_Data records_

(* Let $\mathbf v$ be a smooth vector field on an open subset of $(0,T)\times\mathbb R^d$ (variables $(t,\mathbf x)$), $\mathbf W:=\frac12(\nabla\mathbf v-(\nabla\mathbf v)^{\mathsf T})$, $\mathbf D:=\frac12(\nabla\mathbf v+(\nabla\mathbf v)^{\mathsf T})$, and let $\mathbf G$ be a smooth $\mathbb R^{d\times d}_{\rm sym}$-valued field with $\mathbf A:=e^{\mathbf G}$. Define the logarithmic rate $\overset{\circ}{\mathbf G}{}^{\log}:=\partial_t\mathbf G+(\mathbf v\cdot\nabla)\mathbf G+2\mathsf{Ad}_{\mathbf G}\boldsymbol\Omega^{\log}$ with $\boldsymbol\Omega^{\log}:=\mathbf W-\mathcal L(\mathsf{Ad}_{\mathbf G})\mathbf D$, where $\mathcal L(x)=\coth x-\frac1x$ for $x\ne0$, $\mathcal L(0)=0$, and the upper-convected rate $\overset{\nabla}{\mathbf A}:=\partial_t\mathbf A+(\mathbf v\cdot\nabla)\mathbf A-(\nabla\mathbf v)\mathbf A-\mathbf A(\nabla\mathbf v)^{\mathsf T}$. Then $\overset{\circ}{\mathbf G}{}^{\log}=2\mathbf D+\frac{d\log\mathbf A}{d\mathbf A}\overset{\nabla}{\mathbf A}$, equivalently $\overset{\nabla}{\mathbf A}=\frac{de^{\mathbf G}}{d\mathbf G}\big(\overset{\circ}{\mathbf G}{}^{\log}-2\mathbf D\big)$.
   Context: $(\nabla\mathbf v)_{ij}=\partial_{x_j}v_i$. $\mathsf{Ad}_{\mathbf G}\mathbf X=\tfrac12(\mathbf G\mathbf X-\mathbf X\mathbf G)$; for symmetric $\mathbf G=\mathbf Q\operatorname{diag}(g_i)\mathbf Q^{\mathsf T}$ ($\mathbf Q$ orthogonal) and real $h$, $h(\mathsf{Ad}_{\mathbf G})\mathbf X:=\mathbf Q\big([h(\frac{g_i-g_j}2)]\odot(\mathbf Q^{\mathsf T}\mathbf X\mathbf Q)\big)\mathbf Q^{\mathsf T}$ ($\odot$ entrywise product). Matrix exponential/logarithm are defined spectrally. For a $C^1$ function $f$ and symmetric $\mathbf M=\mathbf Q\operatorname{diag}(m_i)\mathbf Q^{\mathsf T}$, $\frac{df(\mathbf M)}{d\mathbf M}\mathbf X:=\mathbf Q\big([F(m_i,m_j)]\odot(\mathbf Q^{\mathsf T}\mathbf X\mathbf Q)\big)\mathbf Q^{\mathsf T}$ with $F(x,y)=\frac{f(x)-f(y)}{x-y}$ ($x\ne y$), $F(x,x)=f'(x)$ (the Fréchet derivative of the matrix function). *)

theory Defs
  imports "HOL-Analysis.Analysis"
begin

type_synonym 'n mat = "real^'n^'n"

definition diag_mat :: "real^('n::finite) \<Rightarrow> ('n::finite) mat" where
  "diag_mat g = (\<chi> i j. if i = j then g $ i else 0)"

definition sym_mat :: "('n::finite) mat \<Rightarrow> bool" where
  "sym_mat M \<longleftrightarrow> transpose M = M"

_Work to be completed_
Line count for the string "definition": say how many lines in the listing contain it, and add nothing.

_Output_
2